Action item: Write out exactly the lines running from the one with "f y \<partial>density" to the last line of the entries, keeping both the first and the last.

= = = = =

(* Let $B>0$, and let $U:\mathbb{R}^3\to[0,\infty[$ with $U\in\mathrm{L}^1(\mathbb{R}^3)\cap\mathrm{L}^2(\mathbb{R}^3)$ satisfy $\lim_{|x|\to\infty}\|(|x_\perp|^\alpha,|x_3|^\gamma)\|_{2/\beta}\,U(x_\perp,x_3)=g$ for constants $g>0$, $\alpha>2$, $\beta>0$, $\alpha/(\alpha-2)<\gamma<3\alpha/(\alpha-2)$. Let $u(x):=g\,\big(|x_\perp|^{2\alpha/\beta}+|x_3|^{2\gamma/\beta}\big)^{-\beta/2}$ for $x\neq0$. Let $\varphi\in\mathcal{C}_c^\infty(\mathbb{R})$ be real-valued with $\int_{\mathbb{R}}|\varphi(s)|^2ds=1$ and $\int_{\mathbb{R}}s|\varphi(s)|^2ds=0$, let $0\le\sigma<1/\gamma$, and for $t>0$ define \[ \psi_t(x):=\sqrt{\tfrac{B}{2\pi}}\,e^{-\frac B4|x_\perp|^2}\,t^{-\sigma/2}\,\varphi\!\left(\tfrac{x_3}{t^\sigma}\right),\qquad \delta_t(x):=t^{\frac2\alpha+\frac1\gamma}\left|\psi_t\!\left(t^{\frac1\alpha}x_\perp,t^{\frac1\gamma}x_3\right)\right|^2 . \] Then for every $x\in\mathbb{R}^3\setminus\{0\}$, \[ \limsup_{t\to\infty}\,t\int_{\mathbb{R}^3}dy\,\delta_t(x-y)\,U\!\left(t^{\frac1\alpha}y_\perp,t^{\frac1\gamma}y_3\right)\le u(x). \]
   Context: Notation: for $x=(x_1,x_2,x_3)\in\mathbb{R}^3$, $x_\perp:=(x_1,x_2)$; for $c=(c_1,c_2)\in\mathbb{R}^2$, $\|c\|_{2/\beta}:=(|c_1|^{2/\beta}+|c_2|^{2/\beta})^{\beta/2}$. Each $\delta_t$ is a probability density on $\mathbb{R}^3$. *)

theory Defs
  imports "HOL-Analysis.Analysis"
begin

definition perp_norm :: "real^3 \<Rightarrow> real" where
  "perp_norm x = sqrt ((x$1)^2 + (x$2)^2)"

definition aniso_scale :: "real \<Rightarrow> real \<Rightarrow> real^3 \<Rightarrow> real^3" where
  "aniso_scale a c x = (\<chi> i. if i = 3 then c * x$i else a * x$i)"

definition pnorm2 :: "real \<Rightarrow> real \<Rightarrow> real \<Rightarrow> real" where
  "pnorm2 \<beta> c1 c2 = (\<bar>c1\<bar> powr (2/\<beta>) + \<bar>c2\<bar> powr (2/\<beta>)) powr (\<beta>/2)"

definition smooth_real :: "(real \<Rightarrow> real) \<Rightarrow> bool" where
  "smooth_real f \<longleftrightarrow> (\<forall>n. \<forall>x. ((deriv ^^ n) f) differentiable (at x))"

definition compact_support :: "(real \<Rightarrow> real) \<Rightarrow> bool" where
  "compact_support f \<longleftrightarrow> compact (closure {s. f s \<noteq> 0})"

definition psi :: "real \<Rightarrow> real \<Rightarrow> (real \<Rightarrow> real) \<Rightarrow> real \<Rightarrow> real^3 \<Rightarrow> real" where
  "psi B \<sigma> \<phi> t x = sqrt (B / (2*pi)) * exp (- (B/4) * (perp_norm x)^2)
      * t powr (-\<sigma>/2) * \<phi> (x$3 / t powr \<sigma>)"

definition delta :: "real \<Rightarrow> real \<Rightarrow> real \<Rightarrow> real \<Rightarrow> (real \<Rightarrow> real) \<Rightarrow> real \<Rightarrow> real^3 \<Rightarrow> real" where
  "delta \<alpha> \<gamma> B \<sigma> \<phi> t x = t powr (2/\<alpha> + 1/\<gamma>)
      * \<bar>psi B \<sigma> \<phi> t (aniso_scale (t powr (1/\<alpha>)) (t powr (1/\<gamma>)) x)\<bar>^2"

definition u_lim :: "real \<Rightarrow> real \<Rightarrow> real \<Rightarrow> real \<Rightarrow> real^3 \<Rightarrow> real" where
  "u_lim g \<alpha> \<beta> \<gamma> x = g * ((perp_norm x) powr (2*\<alpha>/\<beta>) + \<bar>x$3\<bar> powr (2*\<gamma>/\<beta>)) powr (-\<beta>/2)"

end

(*
  Write P y = ||(|y_perp|^alpha, |y_3|^gamma)||_{2/beta} and S_t for the dilation
  y |-> (t^(1/alpha) y_perp, t^(1/gamma) y_3).  Then u = g / P and P (S_t y) = t P y,
  while delta_t (x - .) is a probability density because psi_t is L^2-normalised.
  On a small ball around x /= 0 the points S_t y escape to infinity uniformly, so
  t U (S_t y) = (P U)(S_t y) / P y <= (g + eta) / P y, which is close to u x.
  Off that ball delta_t is uniformly negligible: either |z_3| >= r/2 and the compactly
  supported phi vanishes since t^(1/gamma - sigma) -> oo, or the Gaussian factor is at
  most exp (-B r^2 t^(2/alpha) / 8).  As the integral of U o S_t is t^(-2/alpha-1/gamma)
  times that of U, this part contributes o(1/t).
*)
theory Submission
  imports Defs "HOL-Probability.Probability" "HOL-Real_Asymp.Real_Asymp"
begin

section \<open>Anisotropic dilations of real^3\<close>

lemma aniso_scale_nth [simp]:
  "aniso_scale a c y $ 1 = a * y $ 1" "aniso_scale a c y $ 2 = a * y $ 2"
  "aniso_scale a c y $ 3 = c * y $ 3"
  by (auto simp: aniso_scale_def)

lemma norm_vec3: "norm (y :: real^3) = sqrt ((y$1)\<^sup>2 + (y$2)\<^sup>2 + (y$3)\<^sup>2)"
  by (simp add: norm_vec_def L2_set_def sum_3)

lemma perp_norm_nonneg: "perp_norm y \<ge> 0"
  by (simp add: perp_norm_def)

lemma perp_norm_aniso_scale: "perp_norm (aniso_scale a c y) = \<bar>a\<bar> * perp_norm y"
  by (simp add: perp_norm_def power_mult_distrib real_sqrt_mult flip: distrib_left)

lemma norm_aniso_scale_ge: "min \<bar>a\<bar> \<bar>c\<bar> * norm y \<le> norm (aniso_scale a c y)"
proof (rule power2_le_imp_le)
  let ?m = "min \<bar>a\<bar> \<bar>c\<bar>"
  have "?m\<^sup>2 \<le> a\<^sup>2" "?m\<^sup>2 \<le> c\<^sup>2"
    by (auto simp: min_def abs_le_square_iff)
  then have "?m\<^sup>2 * ((y$1)\<^sup>2 + (y$2)\<^sup>2 + (y$3)\<^sup>2) \<le> a\<^sup>2 * (y$1)\<^sup>2 + a\<^sup>2 * (y$2)\<^sup>2 + c\<^sup>2 * (y$3)\<^sup>2"
    unfolding distrib_left by (intro add_mono mult_right_mono) auto
  then show "(?m * norm y)\<^sup>2 \<le> (norm (aniso_scale a c y))\<^sup>2"
    by (simp add: norm_vec3 power_mult_distrib)
qed simp

lemma Basis_vec3: "(Basis :: (real^3) set) = {axis 1 1, axis 2 1, axis 3 1}"
  by (auto simp: Basis_vec_def UNIV_3)

lemma axis3_distinct: "axis (1::3) (1::real) \<noteq> axis 2 1" "axis (1::3) (1::real) \<noteq> axis 3 1"
  "axis (2::3) (1::real) \<noteq> axis 3 1"
  by (auto simp: axis_eq_axis)

lemma aniso_scale_eq_sum_Basis:
  "aniso_scale a c x = (\<Sum>j\<in>Basis. ((if j = axis 3 1 then c else a) * (x \<bullet> j)) *\<^sub>R j)"
proof -
  have "(\<Sum>j\<in>Basis. ((if j = axis 3 1 then c else a) * (x \<bullet> j)) *\<^sub>R j)
      = (a * x$1) *\<^sub>R axis 1 1 + ((a * x$2) *\<^sub>R axis 2 1 + (c * x$3) *\<^sub>R axis 3 (1::real))"
    unfolding Basis_vec3 using axis3_distinct by (simp add: inner_axis)
  also have "\<dots> = aniso_scale a c x"
    by (simp add: vec_eq_iff forall_3 aniso_scale_def axis_def)
  finally show ?thesis ..
qed

lemma measurable_aniso_scale [measurable]: "aniso_scale a c \<in> borel_measurable borel"
  unfolding aniso_scale_eq_sum_Basis[abs_def] by measurable

section \<open>Lebesgue integrals on real^3\<close>

lemma nn_integral_aniso_scale:
  fixes f :: "real^3 \<Rightarrow> ennreal"
  assumes [measurable]: "f \<in> borel_measurable borel" and "a \<noteq> 0" "c \<noteq> 0"
  shows "(\<integral>\<^sup>+y. f y \<partial>lborel) = ennreal (a\<^sup>2 * \<bar>c\<bar>) * (\<integral>\<^sup>+y. f (aniso_scale a c y) \<partial>lborel)"
proof -
  have "lborel = density (distr lborel borel (\<lambda>x::real^3. 0 + (\<Sum>j\<in>Basis. ((if j = axis 3 1 then c else a) * (x \<bullet> j)) *\<^sub>R j)))
      (\<lambda>_. (\<Prod>j::real^3\<in>Basis. \<bar>if j = axis 3 1 then c else a\<bar>))"
    by (rule lborel_affine_euclidean) (use assms in auto)
  also have "(\<Prod>j::real^3\<in>Basis. \<bar>if j = axis 3 1 then c else a\<bar>) = a\<^sup>2 * \<bar>c\<bar>"
    unfolding Basis_vec3 using axis3_distinct by (simp add: power2_eq_square)
  finally have lborel_eq: "lborel = density (distr lborel borel (aniso_scale a c)) (\<lambda>_. ennreal (a\<^sup>2 * \<bar>c\<bar>))"
    by (simp add: aniso_scale_eq_sum_Basis[abs_def])
  have "(\<integral>\<^sup>+y. f y \<partial>lborel) = (\<integral>\<^sup>+y. f y \<partial>density (distr lborel borel (aniso_scale a c)) (\<lambda>_. ennreal (a\<^sup>2 * \<bar>c\<bar>)))"
    using lborel_eq by (rule arg_cong)
  then show ?thesis
    by (simp add: nn_integral_density nn_integral_distr nn_integral_cmult)
qed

= = = = =

Solution to the problem:
  have "(\<integral>\<^sup>+y. f y \<partial>lborel) = (\<integral>\<^sup>+y. f y \<partial>density (distr lborel borel (aniso_scale a c)) (\<lambda>_. ennreal (a\<^sup>2 * \<bar>c\<bar>)))"
    using lborel_eq by (rule arg_cong)
  then show ?thesis
    by (simp add: nn_integral_density nn_integral_distr nn_integral_cmult)
qed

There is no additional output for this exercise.